lemma measure_slab:
  fixes k :: "'d::finite \<Rightarrow> nat"
  assumes "1 \<le> N" "a \<le> b"
  shows "measure lborel (cbox (slab_lo N k i a) (slab_hi N k i b)) = (b - a) / real N ^ CARD('d)"
proof -
  have "measure lborel (cbox (slab_lo N k i a) (slab_hi N k i b))
      = (\<Prod>j\<in>UNIV. slab_hi N k i b $ j - slab_lo N k i a $ j)"
    using assms by (intro content_cbox_cart)
      (auto simp: interval_eq_empty_cart slab_lo_def slab_hi_def divide_right_mono not_less)
  also have "\<dots> = (\<Prod>j\<in>(UNIV::'d set). (if j = i then b - a else 1) * (1 / real N))"
    by (rule prod.cong) (auto simp: slab_lo_def slab_hi_def diff_divide_distrib[symmetric])
  also have "\<dots> = (\<Prod>j\<in>(UNIV::'d set). if j = i then b - a else 1) * (\<Prod>j\<in>(UNIV::'d set). 1 / real N)"
    by (rule prod.distrib)
  also have "\<dots> = (b - a) / real N ^ CARD('d)"
    by (simp add: prod.delta power_one_over)
  finally show ?thesis .
qed

lemma has_integral_slab_indicator:
  fixes k :: "'d::finite \<Rightarrow> nat"
  assumes "1 \<le> N" "0 \<le> a" "a \<le> b" "b \<le> 1"
  shows "((\<lambda>x. if x \<in> cbox (slab_lo N k i a) (slab_hi N k i b) then c else 0) has_integral
            c * ((b - a) / real N ^ CARD('d))) (cell N k)"
proof -
  have "((\<lambda>x. c) has_integral c * ((b - a) / real N ^ CARD('d))) (cbox (slab_lo N k i a) (slab_hi N k i b))"
    using has_integral_const[of c "slab_lo N k i a" "slab_hi N k i b"] measure_slab[OF assms(1,3), of k i]
    by (simp add: mult.commute)
  then show ?thesis
    using slab_subset_cell(1)[OF assms(1,2,4)] unfolding cell_eq_cbox
    by (subst has_integral_restrict_closed_subintervals_eq) auto
qed

section \<open>Partition functions as sums over cells\<close>

lemma unitcube_sets_lebesgue: "unitcube \<in> sets lebesgue"
  unfolding unitcube_eq_cbox by simp

lemma exp_integrable_on_unitcube:
  fixes f :: "real^'d::finite \<Rightarrow> real"
  assumes "continuous_on UNIV f"
  shows "(\<lambda>x. exp (f x)) integrable_on unitcube"
  unfolding unitcube_eq_cbox
  using continuous_on_exp[OF continuous_on_subset[OF assms subset_UNIV]] by (rule integrable_continuous)

lemma exp_integrable_on_cell:
  fixes f :: "real^'d::finite \<Rightarrow> real"
  assumes "continuous_on UNIV f"
  shows "(\<lambda>x. exp (f x)) integrable_on cell N k"
  unfolding cell_eq_cbox
  using continuous_on_exp[OF continuous_on_subset[OF assms subset_UNIV]] by (rule integrable_continuous)
lemma inv_dist_3_le:
  assumes "connected_graph V E" "orientation E D1" "orientation E D2"
  shows "4 * inv_dist 3 V D1 D2 \<le> 3 * card E + 1"
proof -
  let ?F = "{{u, v} | u v. (u, v) \<in> D1 \<and> (u, v) \<notin> D2}"
  have sg: "simple_graph V E"
    using assms(1) unfolding connected_graph_def by blast
  have arcs: "\<forall>(u, v) \<in> D1. {u, v} \<in> E" and FE: "?F \<subseteq> E"
    using assms(2) unfolding orientation_def by auto
  obtain h where h: "\<forall>e \<in> E. h e \<in> e" "card {v \<in> V. odd (indeg E h v)} \<le> 1"
    using head_map_odd_indeg_le_1[OF assms(1)] by blast
  obtain Os where Os: "finite Os" "Os \<subseteq> inversion_sets 3 V"
      "card (E - covered_edges E Os) \<le> card {v \<in> V. odd (indeg E h v)}"
      "2 * card Os + card (E - covered_edges E Os) \<le> card E"
    using head_map_triangle_cover[OF sg h(1)] by blast
  let ?C = "covered_edges E Os"
  have "2 \<le> (3 :: nat)" by simp
  from realize_edge_set_averaging[OF sg this Os(1,2) FE]
  obtain Xs where Xs: "set Xs \<subseteq> inversion_sets 3 V" "inverted_edges E Xs = ?F"
      "2 * length Xs \<le> card Os + card ?C + 2 * card (?F - ?C)"
    by blast
  have "foldl invert D1 Xs = flip_arcs D1 ?F"
    using foldl_invert_eq_flip_arcs[OF arcs] Xs(2) by simp
  also have "\<dots> = D2"
    using orientation_eq_flip_arcs[OF sg assms(2,3)] by simp
  finally have "transformable 3 V D1 D2 (length Xs)"
    using Xs(1) unfolding transformable_def inversion_sets_def by blast
  then have "inv_dist 3 V D1 D2 \<le> length Xs"
    by (rule inv_dist_le)
  moreover have "?C \<subseteq> E"
    unfolding covered_edges_def by blast
  then have "card ?C + card (E - ?C) = card E"
    using simple_graph_finite_edges[OF sg] by (simp add: card_Diff_subset card_mono finite_subset)
  moreover have "card (?F - ?C) \<le> card (E - ?C)"
    using FE simple_graph_finite_edges[OF sg] by (intro card_mono) auto
  ultimately show ?thesis
    using Xs(3) Os(3,4) h(2) by linarith
qed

◆ Task item:
When a line in the records holds the string "rule", copy that line.

◆ Answer section:
    by (rule prod.cong) (auto simp: slab_lo_def slab_hi_def diff_divide_distrib[symmetric])
    by (rule prod.distrib)
  using continuous_on_exp[OF continuous_on_subset[OF assms subset_UNIV]] by (rule integrable_continuous)
  using continuous_on_exp[OF continuous_on_subset[OF assms subset_UNIV]] by (rule integrable_continuous)
    by (rule inv_dist_le)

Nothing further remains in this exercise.